Exercise →
Search the entries for the word "Submission" and return every line where it is found.

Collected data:
_____
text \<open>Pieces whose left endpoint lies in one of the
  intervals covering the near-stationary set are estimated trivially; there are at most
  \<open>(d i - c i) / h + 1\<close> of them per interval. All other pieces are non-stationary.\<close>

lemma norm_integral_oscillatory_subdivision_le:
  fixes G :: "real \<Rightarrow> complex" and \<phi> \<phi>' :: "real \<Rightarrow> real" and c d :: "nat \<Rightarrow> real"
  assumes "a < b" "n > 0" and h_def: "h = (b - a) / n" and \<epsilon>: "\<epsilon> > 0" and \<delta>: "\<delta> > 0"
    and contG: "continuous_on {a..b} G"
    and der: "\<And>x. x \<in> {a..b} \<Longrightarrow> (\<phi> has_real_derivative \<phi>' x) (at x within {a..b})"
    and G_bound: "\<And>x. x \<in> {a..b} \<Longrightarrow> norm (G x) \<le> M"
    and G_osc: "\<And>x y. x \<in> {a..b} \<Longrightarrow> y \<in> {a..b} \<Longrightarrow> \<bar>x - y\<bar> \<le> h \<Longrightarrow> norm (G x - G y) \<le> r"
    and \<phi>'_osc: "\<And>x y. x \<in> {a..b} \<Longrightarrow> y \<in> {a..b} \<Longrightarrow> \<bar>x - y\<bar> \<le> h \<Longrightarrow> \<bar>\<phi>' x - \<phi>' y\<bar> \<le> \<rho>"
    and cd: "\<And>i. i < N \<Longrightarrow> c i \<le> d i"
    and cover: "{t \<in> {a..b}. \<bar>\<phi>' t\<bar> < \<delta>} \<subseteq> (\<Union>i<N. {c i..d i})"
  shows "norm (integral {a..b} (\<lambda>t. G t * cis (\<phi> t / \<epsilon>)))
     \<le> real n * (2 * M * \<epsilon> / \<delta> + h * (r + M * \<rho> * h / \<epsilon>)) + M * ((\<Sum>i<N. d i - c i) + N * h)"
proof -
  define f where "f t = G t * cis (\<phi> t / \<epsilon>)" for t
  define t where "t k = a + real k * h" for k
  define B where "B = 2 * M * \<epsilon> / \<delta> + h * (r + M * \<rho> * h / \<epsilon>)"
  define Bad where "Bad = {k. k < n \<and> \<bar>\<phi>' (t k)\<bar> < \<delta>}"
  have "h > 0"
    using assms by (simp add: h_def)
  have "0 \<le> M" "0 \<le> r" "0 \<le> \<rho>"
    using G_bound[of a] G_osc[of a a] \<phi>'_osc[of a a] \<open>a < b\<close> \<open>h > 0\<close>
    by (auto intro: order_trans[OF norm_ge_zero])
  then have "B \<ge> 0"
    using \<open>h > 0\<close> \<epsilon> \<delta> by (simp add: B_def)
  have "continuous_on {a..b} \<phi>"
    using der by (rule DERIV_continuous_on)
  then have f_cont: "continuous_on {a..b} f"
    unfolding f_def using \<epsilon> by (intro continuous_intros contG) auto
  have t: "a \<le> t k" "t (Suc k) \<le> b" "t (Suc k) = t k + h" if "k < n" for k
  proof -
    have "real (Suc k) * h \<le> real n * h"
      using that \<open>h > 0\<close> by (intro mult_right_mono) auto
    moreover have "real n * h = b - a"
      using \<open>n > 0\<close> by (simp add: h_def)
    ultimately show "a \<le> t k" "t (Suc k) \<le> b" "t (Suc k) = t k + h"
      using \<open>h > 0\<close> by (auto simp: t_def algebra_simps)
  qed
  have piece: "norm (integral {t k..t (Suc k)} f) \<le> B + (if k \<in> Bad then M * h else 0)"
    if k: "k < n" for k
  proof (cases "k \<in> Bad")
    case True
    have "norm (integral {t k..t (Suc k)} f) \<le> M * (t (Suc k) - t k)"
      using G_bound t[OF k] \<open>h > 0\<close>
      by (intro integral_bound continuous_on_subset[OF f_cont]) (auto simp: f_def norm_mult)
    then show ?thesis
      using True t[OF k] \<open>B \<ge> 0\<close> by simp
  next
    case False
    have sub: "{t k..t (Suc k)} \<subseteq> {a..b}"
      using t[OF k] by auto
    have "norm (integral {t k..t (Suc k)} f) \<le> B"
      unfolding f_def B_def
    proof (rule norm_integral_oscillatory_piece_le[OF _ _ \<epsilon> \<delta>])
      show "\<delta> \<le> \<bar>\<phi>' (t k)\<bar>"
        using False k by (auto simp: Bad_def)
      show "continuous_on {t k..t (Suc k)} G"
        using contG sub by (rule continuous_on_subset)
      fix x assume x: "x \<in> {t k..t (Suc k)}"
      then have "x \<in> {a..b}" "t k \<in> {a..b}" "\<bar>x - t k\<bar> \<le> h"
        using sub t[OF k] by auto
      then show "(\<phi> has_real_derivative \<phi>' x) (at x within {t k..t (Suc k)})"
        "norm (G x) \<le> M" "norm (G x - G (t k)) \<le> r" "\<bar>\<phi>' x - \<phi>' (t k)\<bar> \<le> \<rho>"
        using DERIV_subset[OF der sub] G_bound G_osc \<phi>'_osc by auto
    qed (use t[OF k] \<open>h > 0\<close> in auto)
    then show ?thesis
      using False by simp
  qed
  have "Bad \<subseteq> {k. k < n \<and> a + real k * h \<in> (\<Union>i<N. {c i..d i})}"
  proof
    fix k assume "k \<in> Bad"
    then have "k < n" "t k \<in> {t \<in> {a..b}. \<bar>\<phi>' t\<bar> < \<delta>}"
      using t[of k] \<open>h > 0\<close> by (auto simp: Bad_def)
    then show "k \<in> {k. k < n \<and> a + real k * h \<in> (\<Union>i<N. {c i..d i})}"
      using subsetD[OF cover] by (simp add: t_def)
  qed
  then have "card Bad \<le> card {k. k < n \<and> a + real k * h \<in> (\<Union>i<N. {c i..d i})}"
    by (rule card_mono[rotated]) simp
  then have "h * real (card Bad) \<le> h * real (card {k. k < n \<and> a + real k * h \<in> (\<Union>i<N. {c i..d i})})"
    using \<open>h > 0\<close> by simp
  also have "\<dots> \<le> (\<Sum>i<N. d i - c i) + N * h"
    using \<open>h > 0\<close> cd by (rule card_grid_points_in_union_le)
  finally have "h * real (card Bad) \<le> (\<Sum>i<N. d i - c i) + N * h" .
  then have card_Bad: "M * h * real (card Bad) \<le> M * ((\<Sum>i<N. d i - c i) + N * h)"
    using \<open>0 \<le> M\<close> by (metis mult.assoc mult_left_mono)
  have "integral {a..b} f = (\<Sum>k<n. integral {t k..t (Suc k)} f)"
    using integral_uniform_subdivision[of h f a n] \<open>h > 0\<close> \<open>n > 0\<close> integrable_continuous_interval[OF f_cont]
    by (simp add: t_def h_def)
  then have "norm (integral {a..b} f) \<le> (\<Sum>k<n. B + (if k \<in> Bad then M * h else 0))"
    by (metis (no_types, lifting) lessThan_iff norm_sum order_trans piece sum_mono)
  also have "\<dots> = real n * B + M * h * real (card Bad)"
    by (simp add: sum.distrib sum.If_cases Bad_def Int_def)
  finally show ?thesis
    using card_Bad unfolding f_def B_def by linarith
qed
_____
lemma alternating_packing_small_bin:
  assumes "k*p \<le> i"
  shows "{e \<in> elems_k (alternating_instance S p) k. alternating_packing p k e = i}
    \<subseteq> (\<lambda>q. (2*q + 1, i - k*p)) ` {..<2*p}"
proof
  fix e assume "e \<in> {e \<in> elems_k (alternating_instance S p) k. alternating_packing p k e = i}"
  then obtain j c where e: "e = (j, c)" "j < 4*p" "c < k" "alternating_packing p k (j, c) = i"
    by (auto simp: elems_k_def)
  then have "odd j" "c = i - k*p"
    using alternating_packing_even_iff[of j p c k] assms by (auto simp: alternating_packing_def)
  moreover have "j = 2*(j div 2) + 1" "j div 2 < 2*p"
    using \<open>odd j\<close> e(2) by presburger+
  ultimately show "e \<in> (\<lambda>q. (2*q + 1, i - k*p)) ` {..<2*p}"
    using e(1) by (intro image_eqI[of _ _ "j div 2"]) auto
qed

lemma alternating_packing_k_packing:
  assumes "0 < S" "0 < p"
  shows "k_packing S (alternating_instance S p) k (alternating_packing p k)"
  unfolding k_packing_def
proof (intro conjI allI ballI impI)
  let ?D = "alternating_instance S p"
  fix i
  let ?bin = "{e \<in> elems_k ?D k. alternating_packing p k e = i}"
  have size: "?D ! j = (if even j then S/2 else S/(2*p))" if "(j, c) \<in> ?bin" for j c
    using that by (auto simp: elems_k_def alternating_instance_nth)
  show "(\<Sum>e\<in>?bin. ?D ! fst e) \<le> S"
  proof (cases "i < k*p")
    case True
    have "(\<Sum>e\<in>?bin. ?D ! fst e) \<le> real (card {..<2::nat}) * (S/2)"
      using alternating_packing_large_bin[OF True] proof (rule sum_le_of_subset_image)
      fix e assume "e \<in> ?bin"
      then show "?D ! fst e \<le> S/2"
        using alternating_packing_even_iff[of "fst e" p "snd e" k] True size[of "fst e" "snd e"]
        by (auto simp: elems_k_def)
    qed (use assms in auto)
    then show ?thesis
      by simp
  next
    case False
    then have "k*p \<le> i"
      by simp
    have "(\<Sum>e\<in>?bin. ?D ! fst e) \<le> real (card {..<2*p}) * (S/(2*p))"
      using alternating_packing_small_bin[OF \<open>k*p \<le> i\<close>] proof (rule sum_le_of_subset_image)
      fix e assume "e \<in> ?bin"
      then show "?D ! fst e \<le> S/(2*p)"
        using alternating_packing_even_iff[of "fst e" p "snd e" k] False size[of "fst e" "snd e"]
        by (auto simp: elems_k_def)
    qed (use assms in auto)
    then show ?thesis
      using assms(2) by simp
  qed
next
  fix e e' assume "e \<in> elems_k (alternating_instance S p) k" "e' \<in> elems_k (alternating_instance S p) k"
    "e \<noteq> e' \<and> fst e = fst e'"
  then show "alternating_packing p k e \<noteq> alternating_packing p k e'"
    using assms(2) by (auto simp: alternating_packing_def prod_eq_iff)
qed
_____
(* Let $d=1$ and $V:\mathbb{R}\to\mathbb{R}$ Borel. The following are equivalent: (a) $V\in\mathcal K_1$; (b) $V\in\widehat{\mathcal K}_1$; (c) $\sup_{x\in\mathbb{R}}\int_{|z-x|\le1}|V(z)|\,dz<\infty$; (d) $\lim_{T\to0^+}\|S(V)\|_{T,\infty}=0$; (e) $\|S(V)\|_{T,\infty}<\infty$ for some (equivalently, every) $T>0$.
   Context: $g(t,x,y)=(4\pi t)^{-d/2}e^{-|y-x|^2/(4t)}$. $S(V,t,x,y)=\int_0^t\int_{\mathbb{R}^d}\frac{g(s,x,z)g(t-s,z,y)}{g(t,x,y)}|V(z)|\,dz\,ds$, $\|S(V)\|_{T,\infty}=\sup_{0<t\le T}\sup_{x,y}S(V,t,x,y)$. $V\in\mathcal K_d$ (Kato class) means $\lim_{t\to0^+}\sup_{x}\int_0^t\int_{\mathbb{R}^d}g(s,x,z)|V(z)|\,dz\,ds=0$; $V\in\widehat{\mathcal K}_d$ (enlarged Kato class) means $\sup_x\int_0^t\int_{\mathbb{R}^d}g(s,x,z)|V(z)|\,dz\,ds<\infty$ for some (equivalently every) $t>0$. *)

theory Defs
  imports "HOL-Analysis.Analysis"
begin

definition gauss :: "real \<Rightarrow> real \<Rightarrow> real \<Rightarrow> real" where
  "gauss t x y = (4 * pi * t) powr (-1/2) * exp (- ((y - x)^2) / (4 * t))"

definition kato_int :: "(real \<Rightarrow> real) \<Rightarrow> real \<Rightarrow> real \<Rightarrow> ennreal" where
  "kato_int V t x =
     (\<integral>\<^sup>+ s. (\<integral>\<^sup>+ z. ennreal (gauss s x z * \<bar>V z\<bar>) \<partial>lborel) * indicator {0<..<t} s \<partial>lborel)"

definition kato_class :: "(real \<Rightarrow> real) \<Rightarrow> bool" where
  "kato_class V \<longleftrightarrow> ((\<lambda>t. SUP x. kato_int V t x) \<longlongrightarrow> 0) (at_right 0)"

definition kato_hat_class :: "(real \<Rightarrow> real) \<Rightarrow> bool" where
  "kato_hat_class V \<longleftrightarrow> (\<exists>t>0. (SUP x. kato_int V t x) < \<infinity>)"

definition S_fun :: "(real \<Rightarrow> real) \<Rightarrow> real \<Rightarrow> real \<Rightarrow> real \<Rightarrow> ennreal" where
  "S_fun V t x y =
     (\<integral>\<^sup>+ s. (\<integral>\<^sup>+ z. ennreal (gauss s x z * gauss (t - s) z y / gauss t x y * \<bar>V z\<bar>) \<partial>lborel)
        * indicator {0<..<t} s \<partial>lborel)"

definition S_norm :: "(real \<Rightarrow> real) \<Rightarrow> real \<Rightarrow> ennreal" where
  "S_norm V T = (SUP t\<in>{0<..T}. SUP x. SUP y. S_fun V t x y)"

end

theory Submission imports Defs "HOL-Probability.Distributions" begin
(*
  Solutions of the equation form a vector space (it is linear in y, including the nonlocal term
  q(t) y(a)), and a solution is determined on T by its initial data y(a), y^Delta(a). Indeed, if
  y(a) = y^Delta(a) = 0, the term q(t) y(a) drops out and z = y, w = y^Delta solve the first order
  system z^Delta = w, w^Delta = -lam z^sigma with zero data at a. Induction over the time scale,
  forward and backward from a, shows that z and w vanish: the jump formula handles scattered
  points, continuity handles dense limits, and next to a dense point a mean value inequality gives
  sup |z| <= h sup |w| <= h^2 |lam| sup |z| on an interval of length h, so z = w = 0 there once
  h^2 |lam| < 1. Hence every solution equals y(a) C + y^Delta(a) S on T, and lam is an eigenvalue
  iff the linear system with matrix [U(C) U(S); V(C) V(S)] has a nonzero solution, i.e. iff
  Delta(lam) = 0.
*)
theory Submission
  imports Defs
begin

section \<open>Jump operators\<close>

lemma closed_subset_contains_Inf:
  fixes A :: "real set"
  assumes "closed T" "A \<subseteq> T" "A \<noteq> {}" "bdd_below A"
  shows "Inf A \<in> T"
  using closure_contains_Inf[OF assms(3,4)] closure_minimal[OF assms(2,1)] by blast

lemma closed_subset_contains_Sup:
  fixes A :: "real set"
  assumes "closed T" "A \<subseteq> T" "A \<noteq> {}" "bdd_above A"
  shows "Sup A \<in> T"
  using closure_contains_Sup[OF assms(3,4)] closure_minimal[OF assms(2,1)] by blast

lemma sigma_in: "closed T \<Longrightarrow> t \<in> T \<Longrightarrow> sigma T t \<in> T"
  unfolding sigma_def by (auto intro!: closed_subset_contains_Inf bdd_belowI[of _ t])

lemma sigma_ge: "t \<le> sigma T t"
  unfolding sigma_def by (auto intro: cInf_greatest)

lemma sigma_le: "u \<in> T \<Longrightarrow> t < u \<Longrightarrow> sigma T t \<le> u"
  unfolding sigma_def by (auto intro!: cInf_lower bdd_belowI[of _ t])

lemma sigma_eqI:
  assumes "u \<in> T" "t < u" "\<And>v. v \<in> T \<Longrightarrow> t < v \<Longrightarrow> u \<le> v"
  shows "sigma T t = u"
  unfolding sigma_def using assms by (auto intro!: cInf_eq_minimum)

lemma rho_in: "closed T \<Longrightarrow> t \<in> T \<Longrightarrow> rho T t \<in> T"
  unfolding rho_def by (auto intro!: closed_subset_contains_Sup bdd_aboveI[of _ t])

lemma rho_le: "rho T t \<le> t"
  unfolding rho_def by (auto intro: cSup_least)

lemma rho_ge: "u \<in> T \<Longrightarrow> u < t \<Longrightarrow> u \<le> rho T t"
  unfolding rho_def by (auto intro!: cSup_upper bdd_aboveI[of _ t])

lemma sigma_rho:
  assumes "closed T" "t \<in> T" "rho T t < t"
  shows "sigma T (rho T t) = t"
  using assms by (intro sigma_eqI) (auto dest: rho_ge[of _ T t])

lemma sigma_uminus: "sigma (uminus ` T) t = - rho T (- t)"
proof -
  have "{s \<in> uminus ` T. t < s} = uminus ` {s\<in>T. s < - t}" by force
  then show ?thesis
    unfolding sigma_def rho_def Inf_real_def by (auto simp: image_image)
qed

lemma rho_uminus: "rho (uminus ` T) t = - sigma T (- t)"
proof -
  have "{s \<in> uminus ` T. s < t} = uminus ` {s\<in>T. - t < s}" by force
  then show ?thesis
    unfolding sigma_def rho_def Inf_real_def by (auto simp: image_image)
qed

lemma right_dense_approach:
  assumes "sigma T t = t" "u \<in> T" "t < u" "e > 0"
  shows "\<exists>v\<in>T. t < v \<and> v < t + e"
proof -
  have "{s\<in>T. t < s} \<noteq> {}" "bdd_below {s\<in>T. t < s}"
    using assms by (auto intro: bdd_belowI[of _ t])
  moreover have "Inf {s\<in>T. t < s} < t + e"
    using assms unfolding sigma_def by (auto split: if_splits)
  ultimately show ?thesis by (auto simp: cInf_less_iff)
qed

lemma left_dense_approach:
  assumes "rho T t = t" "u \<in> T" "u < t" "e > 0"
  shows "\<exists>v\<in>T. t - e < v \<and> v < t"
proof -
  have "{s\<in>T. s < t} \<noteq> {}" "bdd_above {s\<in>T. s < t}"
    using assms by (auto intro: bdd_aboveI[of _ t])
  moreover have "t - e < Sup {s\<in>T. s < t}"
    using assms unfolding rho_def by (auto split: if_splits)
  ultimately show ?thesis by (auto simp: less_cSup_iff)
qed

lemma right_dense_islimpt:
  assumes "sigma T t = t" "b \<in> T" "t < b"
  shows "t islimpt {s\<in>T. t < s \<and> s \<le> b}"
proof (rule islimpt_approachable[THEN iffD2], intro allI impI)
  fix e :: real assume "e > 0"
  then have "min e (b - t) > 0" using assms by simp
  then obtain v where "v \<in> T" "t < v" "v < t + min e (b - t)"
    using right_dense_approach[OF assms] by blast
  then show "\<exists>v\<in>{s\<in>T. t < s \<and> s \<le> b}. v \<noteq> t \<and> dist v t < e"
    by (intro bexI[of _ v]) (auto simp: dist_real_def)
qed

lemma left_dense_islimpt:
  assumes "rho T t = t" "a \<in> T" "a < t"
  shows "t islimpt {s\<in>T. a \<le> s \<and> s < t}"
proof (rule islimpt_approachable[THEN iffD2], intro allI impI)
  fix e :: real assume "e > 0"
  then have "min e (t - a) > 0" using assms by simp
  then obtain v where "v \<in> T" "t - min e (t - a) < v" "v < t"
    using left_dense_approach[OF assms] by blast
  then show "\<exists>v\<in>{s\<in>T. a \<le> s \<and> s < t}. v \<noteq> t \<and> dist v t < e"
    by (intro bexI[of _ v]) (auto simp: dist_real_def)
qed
_____
Exercise solution →
theory Submission imports Defs "HOL-Probability.Distributions" begin
theory Submission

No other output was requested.